SOURCE DATA Block Start

(* Let $\mathcal{R}$ be a finite valuation ring with residue field of cardinality $q$ and with uniformizer of nilpotency degree $r$ (so $|\mathcal{R}|=q^r$), and let $\mathcal{R}^*$ denote its group of units. Let $G$ be a subgroup of $\mathcal{R}^*$, let $g,h\colon G\to\mathcal{R}^*$ be arbitrary functions, and define $f\colon G\times\mathcal{R}^*\to\mathcal{R}$ by $f(x,y)=g(x)(h(x)+y)$. Put $m=\mu(g\cdot h)$, where $(g\cdot h)(x)=g(x)h(x)$. Then there is a constant $c>0$ depending only on $r$ such that for all sets $A\subset G$ and $B,C\subset\mathcal{R}^*$, \[|f(A,B)|\,|B\cdot C|\ \ge\ c\min\left\{\frac{q^r|B|}{m},\ \frac{|A||B|^2|C|}{m^2q^{2r-1}}\right\}.\]
   Context: A finite valuation ring is a finite commutative ring with identity that is local (has a unique maximal ideal) and principal (every ideal is principal); its maximal ideal is generated by a non-unit $z$ (a uniformizer), the residue field $\mathcal{R}/(z)$ has $q$ elements, and $r$ is the least integer with $z^r=0$. For a function $\varphi\colon G\to\mathcal{R}$, $\mu(\varphi)=\max_{t\in\mathcal{R}}|\{x\in G:\varphi(x)=t\}|$. Notation: $f(A,B)=\{f(x,y):x\in A,y\in B\}$ and $B\cdot C=\{bc:b\in B,c\in C\}$. *)

theory Defs
  imports "HOL-Algebra.Algebra" "HOL-Analysis.Analysis"
begin

definition finite_valuation_ring :: "('a, 'b) ring_scheme \<Rightarrow> bool" where
  "finite_valuation_ring R \<longleftrightarrow>
     cring R \<and> finite (carrier R) \<and>
     (\<exists>!M. maximalideal M R) \<and>
     (\<forall>I. ideal I R \<longrightarrow> principalideal I R)"

definition mu :: "('a, 'b) ring_scheme \<Rightarrow> 'c set \<Rightarrow> ('c \<Rightarrow> 'a) \<Rightarrow> nat" where
  "mu R D \<phi> = Max ((\<lambda>t. card {x \<in> D. \<phi> x = t}) ` carrier R)"

end

theory Submission
  imports Defs
begin

text \<open>
  Count incidences between the points Y \<times> X, where X = f(A, B) and Y = B \<cdot> C, and all |R|^2 lines
  t = b + a s. Their total is |R| |X| |Y|. Two points whose first coordinates differ by a unit lie on
  exactly one common line, and a first coordinate has at most |M| = q^(r-1) others differing from it
  by a non-unit, so the squared deviations of the incidence counts from their mean sum to at most
  |M| |R| |X| |Y|. For a \<in> A and c \<in> C
  the line t = g(a) h(a) + g(a) c^-1 s passes through the |B| points (b c, f(a, b)), and each line
  arises from at most m such pairs (a, c). Hence either |B| is at most twice the mean |X| |Y| / |R|,
  or these rich lines alone contribute at least |A| |C| |B|^2 / (4 m) to that sum; either way the
  bound holds with c = 1/4. The cardinalities |R| = q^r and |M| = q^(r-1) come from the chain of ideals z^i R,
  each of index q in its predecessor.
\<close>

section \<open>Finite local rings\<close>

lemma (in ring) cgenideal_eq_image: "x \<in> carrier R \<Longrightarrow> PIdl x = (\<lambda>y. y \<otimes> x) ` carrier R"
  unfolding cgenideal_def by (simp add: Setcompr_eq_image)

lemma (in ring) card_carrier_eq_card_Quot_mult_card:
  assumes "finite (carrier R)" and "ideal I R"
  shows "card (carrier R) = card (carrier (R Quot I)) * card I"
  using a_lagrange[OF assms(1) ideal.axioms(1)[OF assms(2)]]
  by (simp add: FactRing_def Coset.order_def)

lemma (in ring) card_eq_card_image_mult_card_kernel:
  assumes S: "additive_subgroup S R" and fin: "finite S" and a: "a \<in> carrier R"
  shows "card S = card ((\<lambda>y. y \<otimes> a) ` S) * card {y \<in> S. y \<otimes> a = \<zero>}"
proof -
  interpret S: additive_subgroup S R by (rule S)
  let ?K = "{y \<in> S. y \<otimes> a = \<zero>}"
  have fibre: "{y \<in> S. y \<otimes> a = y0 \<otimes> a} = (\<lambda>k. y0 \<oplus> k) ` ?K" if y0: "y0 \<in> S" for y0
  proof (intro equalityI subsetI)
    fix y assume y: "y \<in> {y \<in> S. y \<otimes> a = y0 \<otimes> a}"
    have carr: "y \<in> carrier R" "y0 \<in> carrier R" using y y0 S.a_subset by auto
    have "(y \<ominus> y0) \<otimes> a = \<zero>" using y carr a by (simp add: minus_eq l_distr l_minus r_neg)
    moreover have "y \<ominus> y0 \<in> S" using y y0 by (simp add: minus_eq S.a_closed S.a_inv_closed)
    moreover have "y = y0 \<oplus> (y \<ominus> y0)" using carr by algebra
    ultimately show "y \<in> (\<lambda>k. y0 \<oplus> k) ` ?K" by (intro image_eqI) simp_all
  next
    fix y assume "y \<in> (\<lambda>k. y0 \<oplus> k) ` ?K"
    then obtain k where k: "k \<in> S" "k \<otimes> a = \<zero>" "y = y0 \<oplus> k" by auto
    have carr: "k \<in> carrier R" "y0 \<in> carrier R" using k y0 S.a_subset by auto
    have "y \<otimes> a = y0 \<otimes> a" using k carr a by (simp add: l_distr)
    then show "y \<in> {y \<in> S. y \<otimes> a = y0 \<otimes> a}" using k y0 S.a_closed by simp
  qed
  have card_fibre: "card {y \<in> S. y \<otimes> a = t} = card ?K" if t: "t \<in> (\<lambda>y. y \<otimes> a) ` S" for t
  proof -
    obtain y0 where y0: "y0 \<in> S" "t = y0 \<otimes> a" using t by auto
    have "inj_on (\<lambda>k. y0 \<oplus> k) ?K"
    proof (rule inj_onI)
      fix k k' assume "k \<in> ?K" "k' \<in> ?K" "y0 \<oplus> k = y0 \<oplus> k'"
      moreover have "k = \<ominus> y0 \<oplus> (y0 \<oplus> k)" if "k \<in> S" for k
        using that y0(1) S.a_subset by (auto simp: a_assoc[symmetric] l_neg)
      ultimately show "k = k'" by (metis (no_types, lifting) mem_Collect_eq)
    qed
    then show ?thesis using fibre[OF y0(1)] y0(2) by (simp add: card_image)
  qed
  have "card S = (\<Sum>t\<in>(\<lambda>y. y \<otimes> a) ` S. card {y \<in> S. y \<otimes> a = t})"
    using sum.image_gen[OF fin, of "\<lambda>_. 1::nat" "\<lambda>y. y \<otimes> a"] by simp
  also have "\<dots> = card ((\<lambda>y. y \<otimes> a) ` S) * card ?K" by (simp add: card_fibre)
  finally show ?thesis .
qed

locale finite_local_ring = cring +
  fixes M :: "'a set"
  assumes finite_carrier: "finite (carrier R)"
    and maximalideal_M: "maximalideal M R"
    and maximalideal_unique: "maximalideal J R \<Longrightarrow> J = M"

sublocale finite_local_ring \<subseteq> M: maximalideal M R
  by (rule maximalideal_M)

context finite_local_ring
begin

lemma one_notin_M: "\<one> \<notin> M"
  using M.one_imp_carrier M.I_notcarr by blast

lemma zero_in_M: "\<zero> \<in> M"
  using additive_subgroup.zero_closed[OF M.additive_subgroup_axioms] .

lemma finite_M: "finite M"
  using finite_carrier M.a_subset finite_subset by blast

lemma card_M_gt_0: "card M > 0"
proof -
  have "M \<noteq> {}" using zero_in_M by blast
  then show ?thesis using finite_M by (simp add: card_gt_0_iff)
qed

lemma nonunit_in_M:
  assumes x: "x \<in> carrier R" "x \<notin> Units R"
  shows "x \<in> M"
proof -
  define S where "S = {J. ideal J R \<and> PIdl x \<subseteq> J \<and> \<one> \<notin> J}"
  have "\<one> \<notin> PIdl x"
  proof
    assume "\<one> \<in> PIdl x"
    then obtain y where "y \<in> carrier R" "\<one> = y \<otimes> x" unfolding cgenideal_def by blast
    then have "x \<in> Units R" using x(1) m_comm unfolding Units_def by auto
    with x(2) show False ..
  qed
  then have x_S: "PIdl x \<in> S" unfolding S_def using cgenideal_ideal[OF x(1)] by simp
  have "S \<subseteq> Pow (carrier R)"
    unfolding S_def using ideal.axioms(1)[THEN additive_subgroup.a_subset] by blast
  then have "finite S" using finite_carrier by (simp add: finite_subset)
  obtain J where J: "J \<in> S" and J_max: "\<And>J'. J' \<in> S \<Longrightarrow> J \<subseteq> J' \<Longrightarrow> J = J'"
    using finite_has_maximal[OF \<open>finite S\<close>] x_S by auto
  have "maximalideal J R"
  proof (rule maximalidealI)
    show "ideal J R" and "carrier R \<noteq> J" using J unfolding S_def by auto
  next
    fix J' assume J': "ideal J' R" "J \<subseteq> J'" "J' \<subseteq> carrier R"
    show "J' = J \<or> J' = carrier R"
    proof (cases "\<one> \<in> J'")
      case True then show ?thesis using ideal.one_imp_carrier[OF J'(1)] by simp
    next
      case False then show ?thesis using J J' J_max unfolding S_def by blast
    qed
  qed
  then have "J = M" by (rule maximalideal_unique)
  then show ?thesis using J cgenideal_self[OF x(1)] unfolding S_def by blast
qed

lemma Units_iff_notin_M:
  assumes "x \<in> carrier R"
  shows "x \<in> Units R \<longleftrightarrow> x \<notin> M"
proof
  assume "x \<in> Units R"
  then have "inv x \<otimes> x = \<one>" "inv x \<in> carrier R" by auto
  then show "x \<notin> M" using one_notin_M M.I_l_closed[of x "inv x"] by auto
qed (use nonunit_in_M assms in blast)

end

locale finite_chain_ring = finite_local_ring +
  fixes z :: 'a
  assumes z_carrier: "z \<in> carrier R"
    and M_eq_PIdl: "M = PIdl z"
  fixes q r :: nat
  assumes q_def: "q = card (carrier (R Quot M))"
    and r_def: "r = (LEAST n. z [^] n = \<zero>)"
begin

lemma pow_in_M:
  assumes "(n::nat) \<ge> 1" shows "z [^] n \<in> M"
proof -
  have "z [^] n = z [^] (n - 1) \<otimes> z"
    using assms nat_pow_Suc[of z "n - 1"] by (simp del: nat_pow_Suc)
  then show ?thesis using z_carrier unfolding M_eq_PIdl cgenideal_def by auto
qed

lemma z_nilpotent: "\<exists>n::nat. z [^] n = \<zero>"
proof -
  have "finite (range (\<lambda>n::nat. z [^] n))"
    using z_carrier by (intro finite_subset[OF _ finite_carrier]) auto
  then have "\<not> inj (\<lambda>n::nat. z [^] n)" using range_inj_infinite by auto
  then obtain a b :: nat where "a < b" "z [^] a = z [^] b"
    unfolding inj_def by (metis linorder_neqE_nat)
  then obtain p where p: "p \<ge> 1" and period: "z [^] a = z [^] (a + p)"
    by (intro that[of "b - a"]) auto
  have zp: "z [^] p \<in> M" using pow_in_M[OF p] .
  have zp_carr: "z [^] p \<in> carrier R" and za_carr: "z [^] a \<in> carrier R"
    using z_carrier by simp_all
  have "\<one> \<ominus> z [^] p \<notin> M"
  proof
    assume "\<one> \<ominus> z [^] p \<in> M"
    then have "(\<one> \<ominus> z [^] p) \<oplus> z [^] p \<in> M" using zp by (rule M.a_closed)
    moreover have "(\<one> \<ominus> z [^] p) \<oplus> z [^] p = \<one>" using zp_carr by algebra
    ultimately show False using one_notin_M by simp
  qed
  then have unit: "\<one> \<ominus> z [^] p \<in> Units R" using Units_iff_notin_M zp_carr by simp
  have "z [^] a \<otimes> (\<one> \<ominus> z [^] p) = z [^] a \<ominus> z [^] a \<otimes> z [^] p"
    using za_carr zp_carr by algebra
  also have "z [^] a \<otimes> z [^] p = z [^] a"
    using nat_pow_mult[OF z_carrier, of a p] period by simp
  also have "z [^] a \<ominus> z [^] a = \<zero>" using za_carr by (simp add: r_neg minus_eq)
  finally have "(z [^] a \<otimes> (\<one> \<ominus> z [^] p)) \<otimes> inv (\<one> \<ominus> z [^] p) = \<zero>"
    using unit by simp
  then have "z [^] a = \<zero>" using unit za_carr by (simp add: m_assoc Units_closed)
  then show ?thesis ..
qed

SOURCE DATA Block End

EXERCISE REQUIREMENTS -> Pull every line with "lemma" from the records.

SOLUTION BELOW ->
lemma (in ring) cgenideal_eq_image: "x \<in> carrier R \<Longrightarrow> PIdl x = (\<lambda>y. y \<otimes> x) ` carrier R"
lemma (in ring) card_carrier_eq_card_Quot_mult_card:
lemma (in ring) card_eq_card_image_mult_card_kernel:
lemma one_notin_M: "\<one> \<notin> M"
lemma zero_in_M: "\<zero> \<in> M"
lemma finite_M: "finite M"
lemma card_M_gt_0: "card M > 0"
lemma nonunit_in_M:
lemma Units_iff_notin_M:
lemma pow_in_M:
lemma z_nilpotent: "\<exists>n::nat. z [^] n = \<zero>"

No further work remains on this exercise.